Konsekuensi dari rendahnya penerimaan pajak ialah semakin membengkaknya utang untuk membiayai pembangunan. Dari tahun ke tahun, utang Indonesia nyaris selalu lebih besar dari pembayaran utang sehingga jumlahnya kian menggunung. Posisi utang pemerintah hingga 31 Januari 2023 total mencapai Rp 7.754,9 triliun. Ini berarti, setiap warga negara Indonesia akan memikul beban utang sekitar Rp 28 juta.
Rasio utang Indonesia sering disampaikan masih aman terkendali, dengan menyebut bahwa rasio utang kita lebih rendah dibandingkan dengan Negara-negara maju dan beberapa negara ASEAN seperti Singapura, Malaysia, dan Thailand. Tetapi yang perlu dikhawatirkan sesungguhnya adalah kemampuan membayar, bukan sekadar besaran utang dibanding PDB-nya. Karena kita membayar utang bukan dengan besaran PDB tapi dengan pendapatan negara.
Kita bisa memahami mengapa negara-negara maju mempunyai peringkat utang lebih baik dari Indonesia, walau rasio utang mereka melampaui PDB. Negara maju dianggap memiliki kemampuan membayar lebih baik, terutama karena pendapatan negara tinggi berdasar dari tax ratio-nya.
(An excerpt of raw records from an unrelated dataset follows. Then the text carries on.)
definition min_f :: "'v::finite set \<Rightarrow> ('v \<times> 'v) set \<Rightarrow> ('v \<times> 'v \<Rightarrow> real) \<Rightarrow> ('v \<times> 'v \<Rightarrow> real) \<Rightarrow> ('v \<Rightarrow> 'v) \<Rightarrow> real" where
  "min_f Vmax E w lam \<sigma> = Inf (f_strat Vmax w lam \<sigma> ` {x. solves_H Vmax E w lam x})"

definition better :: "'v::finite set \<Rightarrow> ('v \<times> 'v) set \<Rightarrow> ('v \<times> 'v \<Rightarrow> real) \<Rightarrow> ('v \<times> 'v \<Rightarrow> real) \<Rightarrow> ('v \<Rightarrow> 'v) \<Rightarrow> ('v \<Rightarrow> 'v) \<Rightarrow> bool" where
  "better Vmax E w lam \<sigma>' \<sigma> \<longleftrightarrow> min_f Vmax E w lam \<sigma>' < min_f Vmax E w lam \<sigma>"

definition minimises :: "'v::finite set \<Rightarrow> ('v \<times> 'v) set \<Rightarrow> ('v \<times> 'v \<Rightarrow> real) \<Rightarrow> ('v \<times> 'v \<Rightarrow> real) \<Rightarrow> ('v \<Rightarrow> 'v) \<Rightarrow> ('v \<Rightarrow> real) \<Rightarrow> bool" where
  "minimises Vmax E w lam \<sigma> nu \<longleftrightarrow> solves_H Vmax E w lam nu \<and>
     (\<forall>x. solves_H Vmax E w lam x \<longrightarrow> f_strat Vmax w lam \<sigma> nu \<le> f_strat Vmax w lam \<sigma> x)"

definition sharp :: "'v::finite set \<Rightarrow> ('v \<times> 'v) set \<Rightarrow> ('v \<times> 'v \<Rightarrow> real) \<Rightarrow> ('v \<times> 'v \<Rightarrow> real) \<Rightarrow> bool" where
  "sharp Vmax E w lam \<longleftrightarrow> (\<forall>nu. is_basis_valuation Vmax E w lam nu \<longrightarrow>
      card {e \<in> E. eqn w lam e nu} = card (UNIV :: 'v set))"

definition exchange :: "('v \<times> 'v) set \<Rightarrow> ('v \<times> 'v) set \<Rightarrow> ('v \<times> 'v) set \<Rightarrow> bool" where
  "exchange E B B' \<longleftrightarrow> (\<exists>e_out e_in. e_out \<in> B \<and> e_in \<in> E - B \<and> B' = insert e_in (B - {e_out}))"

definition neighbouring :: "'v::finite set \<Rightarrow> ('v \<times> 'v) set \<Rightarrow> ('v \<times> 'v \<Rightarrow> real) \<Rightarrow> ('v \<times> 'v \<Rightarrow> real) \<Rightarrow> ('v \<Rightarrow> real) \<Rightarrow> ('v \<Rightarrow> real) \<Rightarrow> bool" where
  "neighbouring Vmax E w lam nu nu' \<longleftrightarrow> (\<exists>B B'. basis_valuation Vmax E w lam B nu \<and>
      exchange E B B' \<and> basis_valuation Vmax E w lam B' nu')"

definition improving :: "'v::finite set \<Rightarrow> ('v \<times> 'v) set \<Rightarrow> ('v \<times> 'v \<Rightarrow> real) \<Rightarrow> ('v \<times> 'v \<Rightarrow> real) \<Rightarrow> bool" where
  "improving Vmax E w lam \<longleftrightarrow> sharp Vmax E w lam \<and>
     (\<forall>\<sigma> nu B. joint_strategy E \<sigma> \<longrightarrow> basis_valuation Vmax E w lam B nu \<longrightarrow>
        \<not> minimises Vmax E w lam \<sigma> nu \<longrightarrow>
        (\<exists>B' nu'. exchange E B B' \<and> basis_valuation Vmax E w lam B' nu' \<and>
                  f_strat Vmax w lam \<sigma> nu' < f_strat Vmax w lam \<sigma> nu))"

end

theory Submission
  imports Defs
begin

(* Restricted to the edges E', the game is still a discounted game, so its Bellman operator is a
   sup-norm contraction with a fixed point y, and some strategy tau inside E' is tight at y, i.e.
   f_tau(y) = 0.  As E' lies in S^sigma_nu, f_tau(nu) = f_sigma(nu) > 0.  Every inequation tight at
   nu belongs to E_nu, a subset of E', so y satisfies it; hence a short step from nu towards y stays
   in H, and since f_tau is affine, nu does not minimise f_tau.  The game being improving then
   yields a neighbour nu'' with f_tau(nu'') < f_tau(nu) = f_sigma(nu), and any such pair beats sigma
   because min f_sigma' <= f_sigma'(nu'') < f_sigma(nu) = min f_sigma. *)

lemma offset_nonneg_iff: "0 \<le> offset Vmax w lam x e \<longleftrightarrow> ineq Vmax w lam e x"
  unfolding offset_def ineq_def by auto

lemma offset_convex_combination:
  "offset Vmax w lam (\<lambda>u. (1 - t) * x u + t * y u) e =
     (1 - t) * offset Vmax w lam x e + t * offset Vmax w lam y e"
  unfolding offset_def by (simp add: algebra_simps)

lemma f_strat_convex_combination:
  "f_strat Vmax w lam \<sigma> (\<lambda>u. (1 - t) * x u + t * y u) =
     (1 - t) * f_strat Vmax w lam \<sigma> x + t * f_strat Vmax w lam \<sigma> y"
  unfolding f_strat_def offset_convex_combination by (simp add: sum.distrib sum_distrib_left)

lemma f_strat_nonneg:
  "solves_H Vmax E w lam x \<Longrightarrow> joint_strategy E \<sigma> \<Longrightarrow> 0 \<le> f_strat Vmax w lam \<sigma> x"
  unfolding f_strat_def solves_H_def joint_strategy_def
  by (intro sum_nonneg) (simp add: offset_nonneg_iff)

lemma f_strat_eq_if_in_S_set:
  assumes "\<forall>v. (v, \<tau> v) \<in> S_set Vmax E w lam \<sigma> x"
  shows "f_strat Vmax w lam \<tau> x = f_strat Vmax w lam \<sigma> x"
  using assms unfolding f_strat_def S_set_def by simp
(* Let $I_1\subset\mathbb{R}$ be an open interval and $I_2$ an open, relatively compact subinterval of $I_1$. For every integer $n\ge1$ and all $C_1,C_2>0$ there exists $\delta>0$ such that for every $C^1$ map $h:I_1\to\mathbb{R}$ with $\|h-\mathrm{id}\|_{1,I_1}<\delta$ and all $x,y\in I_2$ with $|y-x|<C_2|h^n(x)-x|$, we have $$|(h(y)-y)-(h(x)-x)|<C_1|h(x)-x|.$$
   Context: For an open set $J\subset\mathbb{R}$ and a $C^1$ map $u$ on $J$, $\|u\|_{1,J}=\sup_{x\in J}(|u(x)|+|u'(x)|)$. *)

theory Defs
  imports "HOL-Analysis.Analysis"
begin

definition C1_on :: "real set \<Rightarrow> (real \<Rightarrow> real) \<Rightarrow> bool" where
  "C1_on J u \<longleftrightarrow> (\<forall>x\<in>J. u differentiable (at x)) \<and> continuous_on J (deriv u)"

definition C1_norm :: "real set \<Rightarrow> (real \<Rightarrow> real) \<Rightarrow> real" where
  "C1_norm J u = (SUP x\<in>J. \<bar>u x\<bar> + \<bar>deriv u x\<bar>)"

end

theory Submission
  imports Defs
begin

text \<open>
  Write g(t) = h(t) - t for the displacement of h.  If the C^1 norm of g on I1 is at most
  d < 1, then by the mean value theorem g is d-Lipschitz on the interval I1 and |g| <= d.
  Hence, starting from x, each application of h moves at most twice the current distance
  from x plus |g(x)|, so as long as the orbit stays in I1 we get
  |h^k(x) - x| <= (2^k - 1) |g(x)|; the orbit does stay in I1 if |g(x)| 2^n is smaller than
  the distance from closure I2 to the complement of I1.  Combining,
  |g(y) - g(x)| <= d |y - x| < d C2 2^n |g(x)|, which is below C1 |g(x)| once d is small.
\<close>

lemma C1_norm_pointwise:
  fixes u :: "real \<Rightarrow> real"
  assumes "bdd_above ((\<lambda>x. \<bar>u x\<bar> + \<bar>deriv u x\<bar>) ` J)" and "z \<in> J"
  shows "\<bar>u z\<bar> + \<bar>deriv u z\<bar> \<le> C1_norm J u"
  unfolding C1_norm_def using assms by (intro cSUP_upper)

lemma displacement_lipschitz:
  fixes h :: "real \<Rightarrow> real"
  assumes h: "C1_on I h" and I: "is_interval I"
    and bdd: "bdd_above ((\<lambda>x. \<bar>h x - x\<bar> + \<bar>deriv (\<lambda>t. h t - t) x\<bar>) ` I)"
    and y: "y \<in> I" and x: "x \<in> I"
  shows "\<bar>(h y - y) - (h x - x)\<bar> \<le> C1_norm I (\<lambda>t. h t - t) * \<bar>y - x\<bar>"
proof -
  define g where "g = (\<lambda>t. h t - t)"
  have "(g has_field_derivative deriv g z) (at z within I)" if "z \<in> I" for z
  proof -
    have "g differentiable (at z)"
      using h that unfolding C1_on_def g_def by simp
    then show ?thesis
      by (simp add: DERIV_deriv_iff_real_differentiable has_field_derivative_at_within)
  qed
  moreover have "norm (deriv g z) \<le> C1_norm I g" if "z \<in> I" for z
    using C1_norm_pointwise[of g I z] bdd that unfolding g_def by simp
  ultimately have "norm (g y - g x) \<le> C1_norm I g * norm (y - x)"
    using I x y by (intro field_differentiable_bound) (auto simp: is_interval_convex_1)
  then show ?thesis unfolding g_def by simp
qed

lemma orbit_displacement_bound:
  fixes h :: "real \<Rightarrow> real"
  assumes lip: "\<And>z. z \<in> I \<Longrightarrow> \<bar>(h z - z) - (h x - x)\<bar> \<le> \<bar>z - x\<bar>"
    and ball: "ball x e \<subseteq> I"
    and small: "\<bar>h x - x\<bar> * (2 ^ n - 1) < e"
    and "k \<le> n"
  shows "(h ^^ k) x \<in> I \<and> \<bar>(h ^^ k) x - x\<bar> \<le> \<bar>h x - x\<bar> * (2 ^ k - 1)"
  using \<open>k \<le> n\<close>
proof (induction k)
  case 0
  have "0 \<le> \<bar>h x - x\<bar> * (2 ^ n - 1)" by simp
  with small have "e > 0" by linarith
  then show ?case using ball by auto
next
  case (Suc k)
  let ?z = "(h ^^ k) x" and ?c = "\<bar>h x - x\<bar>"
  from Suc have z: "?z \<in> I" "\<bar>?z - x\<bar> \<le> ?c * (2 ^ k - 1)" by auto
  have "\<bar>(h ^^ Suc k) x - x\<bar> = \<bar>(?z - x) + ((h ?z - ?z) - (h x - x)) + (h x - x)\<bar>" by simp
  also have "\<dots> \<le> \<bar>?z - x\<bar> + \<bar>(h ?z - ?z) - (h x - x)\<bar> + ?c"
    by (intro order_trans[OF abs_triangle_ineq] add_right_mono abs_triangle_ineq)
  also have "\<dots> \<le> 2 * \<bar>?z - x\<bar> + ?c"
    unfolding mult_2 by (intro add_right_mono add_left_mono lip z(1))
  also have "\<dots> \<le> ?c * (2 ^ Suc k - 1)" using z(2) by (simp add: algebra_simps)
  finally have bound: "\<bar>(h ^^ Suc k) x - x\<bar> \<le> ?c * (2 ^ Suc k - 1)" .
  have "?c * (2 ^ Suc k - 1) \<le> ?c * (2 ^ n - 1)"
  proof -
    have "(2::real) ^ Suc k \<le> 2 ^ n" using Suc.prems by (intro power_increasing) auto
    then show ?thesis by (intro mult_left_mono) auto
  qed
  with bound small have "(h ^^ Suc k) x \<in> ball x e" by (simp add: dist_real_def)
  with ball bound show ?case by blast
qed

lemma displacement_comparison:
  fixes h :: "real \<Rightarrow> real"
  assumes lip: "\<And>z w. z \<in> I \<Longrightarrow> w \<in> I \<Longrightarrow> \<bar>(h w - w) - (h z - z)\<bar> \<le> L * \<bar>w - z\<bar>"
    and gx: "\<bar>h x - x\<bar> \<le> L" and L: "0 < L" "L \<le> 1"
    and ball: "ball x e \<subseteq> I" and Le: "L * 2 ^ n \<le> e" and LC: "L * C2 * 2 ^ n \<le> C1"
    and C2: "C2 > 0" and y: "y \<in> I"
    and close: "\<bar>y - x\<bar> < C2 * \<bar>(h ^^ n) x - x\<bar>"
  shows "\<bar>(h y - y) - (h x - x)\<bar> < C1 * \<bar>h x - x\<bar>"
proof -
  let ?c = "\<bar>h x - x\<bar>"
  have "0 < L * 2 ^ n" using L by simp
  then have x: "x \<in> I" using ball Le by auto
  have lip1: "\<bar>(h z - z) - (h x - x)\<bar> \<le> \<bar>z - x\<bar>" if "z \<in> I" for z
  proof -
    have "\<bar>(h z - z) - (h x - x)\<bar> \<le> L * \<bar>z - x\<bar>" using lip[OF x that] .
    also have "\<dots> \<le> \<bar>z - x\<bar>" using L by (intro mult_left_le_one_le) auto
    finally show ?thesis .
  qed
  have "?c * (2 ^ n - 1) \<le> L * (2 ^ n - 1)" using gx by (intro mult_right_mono) auto
  also have "\<dots> < L * 2 ^ n" using L by simp
  finally have "?c * (2 ^ n - 1) < e" using Le by linarith
  then have "\<bar>(h ^^ n) x - x\<bar> \<le> ?c * (2 ^ n - 1)"
    using orbit_displacement_bound[OF lip1 ball] by blast
  also have "\<dots> \<le> ?c * 2 ^ n" by (intro mult_left_mono) auto
  finally have "C2 * \<bar>(h ^^ n) x - x\<bar> \<le> C2 * (?c * 2 ^ n)" using C2 by simp
  with close have close': "\<bar>y - x\<bar> < C2 * (?c * 2 ^ n)" by linarith
  have "\<bar>(h y - y) - (h x - x)\<bar> \<le> L * \<bar>y - x\<bar>" using lip[OF x y] .
  also have "\<dots> < L * (C2 * (?c * 2 ^ n))" using close' L by simp
  also have "\<dots> = (L * C2 * 2 ^ n) * ?c" by (simp add: algebra_simps)
  also have "\<dots> \<le> C1 * ?c" using LC by (simp add: mult_right_mono)
  finally show ?thesis .
qed

theorem lemma3p11:
  fixes I1 I2 :: "real set" and n :: nat and C1 C2 :: real
  assumes "open I1" and "is_interval I1"
    and "open I2" and "is_interval I2" and "I2 \<subseteq> I1"
    and "compact (closure I2)" and "closure I2 \<subseteq> I1"
    and "n \<ge> 1" and "C1 > 0" and "C2 > 0"
  shows "\<exists>\<delta>>0. \<forall>h :: real \<Rightarrow> real.
           C1_on I1 h
           \<and> bdd_above ((\<lambda>x. \<bar>h x - x\<bar> + \<bar>deriv (\<lambda>t. h t - t) x\<bar>) ` I1)
           \<and> C1_norm I1 (\<lambda>t. h t - t) < \<delta>
           \<longrightarrow> (\<forall>x\<in>I2. \<forall>y\<in>I2. \<bar>y - x\<bar> < C2 * \<bar>(h ^^ n) x - x\<bar>
                 \<longrightarrow> \<bar>(h y - y) - (h x - x)\<bar> < C1 * \<bar>h x - x\<bar>)"
proof -
  obtain e where e: "e > 0" "\<And>x. x \<in> closure I2 \<Longrightarrow> ball x e \<subseteq> I1"
    using Heine_Borel_lemma[OF assms(6), of "{I1}"] assms(1,7) by auto
  define \<delta> :: real where "\<delta> = min 1 (min (e / 2 ^ n) (C1 / (C2 * 2 ^ n)))"
  have "\<delta> \<le> e / 2 ^ n" "\<delta> \<le> C1 / (C2 * 2 ^ n)" unfolding \<delta>_def by auto
  then have \<delta>: "0 < \<delta>" "\<delta> \<le> 1" "\<delta> * 2 ^ n \<le> e" "\<delta> * C2 * 2 ^ n \<le> C1"
    using e assms(9,10) by (auto simp: \<delta>_def pos_le_divide_eq mult.assoc)
  show ?thesis
  proof (intro exI[of _ \<delta>] conjI allI impI ballI \<delta>(1))
    fix h :: "real \<Rightarrow> real" and x y
    assume h: "C1_on I1 h \<and> bdd_above ((\<lambda>x. \<bar>h x - x\<bar> + \<bar>deriv (\<lambda>t. h t - t) x\<bar>) ` I1)
           \<and> C1_norm I1 (\<lambda>t. h t - t) < \<delta>"
      and x: "x \<in> I2" and y: "y \<in> I2" and close: "\<bar>y - x\<bar> < C2 * \<bar>(h ^^ n) x - x\<bar>"
    have lip: "\<bar>(h w - w) - (h z - z)\<bar> \<le> \<delta> * \<bar>w - z\<bar>" if "z \<in> I1" "w \<in> I1" for z w
    proof -
      have "\<bar>(h w - w) - (h z - z)\<bar> \<le> C1_norm I1 (\<lambda>t. h t - t) * \<bar>w - z\<bar>"
        using h assms(2) that by (intro displacement_lipschitz) auto
      also have "\<dots> \<le> \<delta> * \<bar>w - z\<bar>" using h by (intro mult_right_mono) auto
      finally show ?thesis .
    qed
    have xI: "x \<in> I1" "y \<in> I1" using x y assms(5) by auto
    have gx: "\<bar>h x - x\<bar> \<le> \<delta>"
      using C1_norm_pointwise[of "\<lambda>t. h t - t" I1 x] h xI(1) by auto
    have ball: "ball x e \<subseteq> I1" using e(2) x closure_subset by blast
    show "\<bar>(h y - y) - (h x - x)\<bar> < C1 * \<bar>h x - x\<bar>"
      by (rule displacement_comparison[where I = I1 and L = \<delta> and e = e])
        (fact lip gx \<delta> ball assms(10) xI(2) close)+
  qed
qed

end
Negara-negara maju mempunyai peringkat peminjam terbaik (AAA). Singapura sendiri memiliki sovereign credit rating yaitu AAA. Sementara Malaysia peringkat A- dan Thailand BBB+ yang lebih baik dari Indonesia. Mengapa negara tetangga kita memiliki peringkat lebih baik dari Indonesia, salah satu jawabannya karena rasio penerimaan pajak negara-negara tersebut jauh lebih besar dari Indonesia.
Saatnya Memperbaiki KeadaanMenjadi tidak mudah untuk memperbaiki situasi dengan keadaan seperti saat ini. Publik dipertontonkan problematika para pegawai pajak di tengah rendahnya rasio pajak kita. Tetapi momentum untuk memperbaiki keadaan selalu ada. Karena untuk membangun sistem perpajakan yang ideal dibutuhkan kemampuan untuk meyakinkan publik bahwa mereka dilindungi dari praktik korupsi dan birokrasi yang tidak efisien. Sebuah studi pada puluhan negara maju dan berkembang menunjukkan bahwa terdapat korelasi positif antara kepatuhan pajak dengan rendahnya tingkat korupsi dan kemudahan birokrasi.
Pada sisi lain, kebijakan fiskal pemerintah seharusnya mengarah pada reformasi mendasar perpajakan Indonesia. Kualitas dan kuantitas tenaga pajak perlu terus ditingkatkan. Kemudahan birokrasi yang diikuti dengan perbaikan administrasi perpajakan seharusnya menjadi kunci utama. Selama stagnasi tax ratio terus terjadi maka belanja publik kita terbatas dan utang negara sulit dikendalikan.